Mechanism of atomic action at the interface

Relative concentration distribution

The model is a laminar structure constructed along the Z direction (0 0 1), so in this study the distribution of atomic intensities along the Z direction was calculated as shown in Figure 9.

Figure 9.

Relative concentration distribution.

According to the results of relative concentration distribution in Figure 9(a) and 9(b), the atoms in CSBL at 12 Å and 23.5 Å are in the CSH model with atomic interactions, and the atoms in PVA at 11 Å and 32 Å are in the CSH model with atomic interactions, which indicates that both PVA and CSBL are very compatible with the cement. From the simulation results in Figure 9(c), it can be seen that the CSBL molecule acts as a “bridge” between CSH and PVA. On the one hand, the atoms in CSBL interact with the CSH and PVA models, and on the other hand, the overlapping peaks between the atoms in CSBL and PVA can be clearly observed at 16 Å and 45 Å. This simulation phenomenon suggests that there are strong intermolecular forces between PVA and CSBL molecules, which can play a good synergistic effect.

Radial distribution function

By analyzing the radial distribution function (RDF) between atoms in the system, it helps to visualize the spatial distribution of atoms and the structural properties of the system. By analyzing the magnitude and position of the RDF peaks between different atoms, the structure of the interface between the modified material and the substrate and the degree of atomic interactions can be understood. The RDF is calculated according to equation (1).^34,35

g (r) = \frac{dN}{4 π r^{2} ρ dr}

(1)

where r denotes the distance between particles, N denotes the number of particles, and ρ denotes the average density of the system.

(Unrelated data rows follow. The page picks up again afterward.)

text \<open>Approximate capacity C_n: the best rate over all schedules (supremum; it is attained).\<close>
definition Cn :: "nat \<Rightarrow> (nat \<Rightarrow> real) \<Rightarrow> (nat \<Rightarrow> real) \<Rightarrow> real" where
  "Cn n l r = Sup {sched_rate n l r lam | lam. is_schedule n lam}"

definition C1_single :: "real \<Rightarrow> real \<Rightarrow> real" where
  "C1_single a b = a * b / (a + b)"

definition C1 :: "nat \<Rightarrow> (nat \<Rightarrow> real) \<Rightarrow> (nat \<Rightarrow> real) \<Rightarrow> real" where
  "C1 n l r = maxover {1..n} (\<lambda>i. C1_single (l i) (r i))"

end

theory Submission
  imports Defs
begin

text \<open>
  Put \<open>\<theta> = \<pi>/(k+1)\<close> and let \<open>\<ell>\<^sub>i, r\<^sub>i\<close> be the common capacities of relays \<open>2i-1, 2i\<close>.
  The sum-to-product formulas give \<open>\<ell>\<^sub>i + r\<^sub>i\<^sub>+\<^sub>1 = 2 + 2 cos \<theta>\<close> for \<open>0 \<le> i \<le> k\<close>, where
  \<open>\<ell>\<^sub>0 = r\<^sub>k\<^sub>+\<^sub>1 = 0\<close>, and \<open>1/\<ell>\<^sub>i + 1/r\<^sub>i = 1\<close>, whence \<open>C\<^sub>1 = 1\<close>.
  The odd and the even relays each carry a copy of every pair. For a cut \<open>\<Omega>\<close> let \<open>a\<close> be the
  last pair whose copy lies outside \<open>\<Omega>\<close>; the copy of \<open>a+1\<close> lies inside, so either half
  contributes at least \<open>\<ell>\<^sub>a + r\<^sub>a\<^sub>+\<^sub>1 = 2 + 2 cos \<theta>\<close>, with equality at \<open>\<Omega> = \<emptyset>\<close>. Conversely the
  cut \<open>\<Omega> = [1:n]\<close> bounds the rate of every schedule by \<open>max r\<^sub>i = r\<^sub>1 = 2 + 2 cos \<theta>\<close>.
\<close>

definition lcap :: "real \<Rightarrow> nat \<Rightarrow> real" where
  "lcap t i = 2 * sin t * sin (real i * t) / (cos (real i * t) - cos (real (i + 1) * t))"

definition rcap :: "real \<Rightarrow> nat \<Rightarrow> real" where
  "rcap t i = 2 * sin t * sin (real i * t) / (cos ((real i - 1) * t) - cos (real i * t))"

lemma lcap_eq: "lcap t i = 2 * sin t * sin (real i * t) / (cos (real i * t) - cos (real i * t + t))"
  by (simp add: lcap_def algebra_simps)

lemma rcap_eq: "rcap t i = 2 * sin t * sin (real i * t) / (cos (real i * t - t) - cos (real i * t))"
  by (simp add: rcap_def algebra_simps)

lemma rcap_Suc_eq:
  "rcap t (Suc i) = 2 * sin t * sin (real i * t + t) / (cos (real i * t) - cos (real i * t + t))"
  by (simp add: rcap_def algebra_simps)

lemma lcap_0 [simp]: "lcap t 0 = 0"
  by (simp add: lcap_def)

lemma rcap_eq_0: "real i * t = pi \<Longrightarrow> rcap t i = 0"
  by (simp add: rcap_def)

lemma cos_step_less:
  assumes "0 < t" "real (Suc i) * t \<le> pi"
  shows "cos (real i * t + t) < cos (real i * t)"
  using assms by (intro cos_monotone_0_pi) (auto simp: algebra_simps)

lemma sin_mult_pos:
  assumes "0 < t" "1 \<le> i" "real i * t < pi"
  shows "0 < sin (real i * t)"
  using assms by (intro sin_gt_zero) auto

lemma sin_pos_if_mult_less_pi:
  assumes "0 < t" "1 \<le> i" "real i * t < pi"
  shows "0 < sin t"
proof -
  have "t \<le> real i * t" using assms by simp
  then show ?thesis using assms by (intro sin_gt_zero) linarith+
qed

lemma lcap_pos:
  assumes "0 < t" "1 \<le> i" "real (Suc i) * t \<le> pi"
  shows "0 < lcap t i"
proof -
  have "real i * t < pi" using assms by (simp add: algebra_simps)
  then show ?thesis
    unfolding lcap_eq using assms cos_step_less sin_mult_pos sin_pos_if_mult_less_pi by simp
qed

lemma rcap_pos:
  assumes "0 < t" "1 \<le> i" "real i * t < pi"
  shows "0 < rcap t i"
proof -
  obtain h where i: "i = Suc h" using assms(2) by (cases i) auto
  show ?thesis
    unfolding i rcap_Suc_eq
    using assms cos_step_less[of t h] sin_mult_pos[of t i] sin_pos_if_mult_less_pi[of t i]
    by (simp add: i algebra_simps)
qed

lemma lcap_add_rcap_Suc:
  assumes "0 < t" "real (Suc i) * t \<le> pi"
  shows "lcap t i + rcap t (Suc i) = 2 + 2 * cos t"
proof -
  define x where "x = real i * t"
  have "2 * sin t * sin x + 2 * sin t * sin (x + t) = (2 + 2 * cos t) * (cos x - cos (x + t))"
  proof -
    have "sin t ^ 2 + cos t ^ 2 = 1" by simp
    then show ?thesis unfolding sin_add cos_add by algebra
  qed
  moreover have "cos x - cos (x + t) \<noteq> 0" using cos_step_less[OF assms] by (simp add: x_def)
  ultimately show ?thesis
    unfolding lcap_eq rcap_Suc_eq x_def[symmetric] by (simp add: add_divide_distrib[symmetric])
qed

lemma C1_single_eq_1_iff:
  assumes "0 < a" "0 < b"
  shows "C1_single a b = 1 \<longleftrightarrow> 1 / a + 1 / b = 1"
  using assms by (auto simp: C1_single_def field_simps)

lemma C1_single_lcap_rcap:
  assumes "0 < t" "1 \<le> i" "real (Suc i) * t \<le> pi"
  shows "C1_single (lcap t i) (rcap t i) = 1"
proof -
  define x where "x = real i * t"
  have "real i * t < pi" using assms by (simp add: algebra_simps)
  then have "0 < 2 * sin t * sin x"
    using assms sin_mult_pos sin_pos_if_mult_less_pi by (simp add: x_def)
  moreover have "cos (x - t) - cos x + (cos x - cos (x + t)) = 2 * sin t * sin x"
    unfolding cos_diff cos_add by algebra
  ultimately have "1 / lcap t i + 1 / rcap t i = 1"
    unfolding lcap_eq rcap_eq x_def[symmetric] by (auto simp: add_divide_distrib[symmetric])
  then show ?thesis
    using C1_single_eq_1_iff lcap_pos[OF assms] rcap_pos[OF assms(1,2)] \<open>real i * t < pi\<close> by blast
qed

The RDF analysis plots between atoms at the weak interface before and after modification are shown in Figure 10. In Figure 10(a), it can be found that before the addition of CSBL modifier, there are interactions between PVA molecular chains and C-S-H, which mainly include two types of chemical bonds, (1) O-Ca ionic bonds formed between oxygen atoms in PVA molecular chains and calcium ions in C-S-H, and (2) O-H hydrogen bonds formed between PVA molecular chains and C-S-H. This indicates good compatibility between PVA fibers and cement. It can be found in Figure 10(b) that after modification with the addition of CSBL, there are two main aspects of CSBL. On the one hand, the acrylic acid molecules in CSBL act as a bridge between the PVA molecular chain and the C-S-H structure, again connected by O-Ca ionic bonds and H-O hydrogen bonds. On the other hand, since RCA concrete indicates the presence of old cement, that is, there exists a weak interface between the old and new cements, which can affect the overall mechanical properties of RCA concrete, the acrylic acid molecules in CSBL can improve the weak interface between the old and new cements through O-Ca ionic bonding and H-O hydrogen bonding, and the simple addition of PVA fibers is not able to optimize the weak interface between the old and new cements. Therefore, the mechanical properties of RCA concrete are best modified by the synergistic modification effect of CSBL and PVA fibers, and the type of chemical bonding mainly relied upon is the interaction of ionic and hydrogen bonding, and there is no real chemical bonding connection.

Figure 10.

Analysis diagram of chemical bond types.

Mean square displacement

Atoms in a system move continuously during relaxation. In this subsection, the mean square displacement (MSD) of each atom in the system is statistically evaluated to reveal the diffusion behaviour of the atoms during the time evolution to characterize the motion of the atoms. The MSD is obtained by performing calculations according to equation (2).³⁶ The diffusion coefficient D allows for a more intuitive comparison of the intensity of motion of different atoms during relaxation and to understand the strength of inter-molecular interactions. D is 1/6 of the slope of the MSD-t curve as shown in equation (3).³⁷

M S D = 〈 {∣ r_{i} (t) - r_{i} (0) ∣}^{2} 〉

(2)

D = \frac{1}{6} \lim_{t \to \infty} \frac{d}{d t} \sum_{i = 1}^{N} 〈 {| r_{i} (t) - r_{i} (0) |}^{2} 〉

(3)

Where r(t) denotes the position of the atom at time t, r (0) denotes its original position, and MSD includes three-dimensional coordinates. Larger values of D indicate that the atom diffuses faster from its initial position.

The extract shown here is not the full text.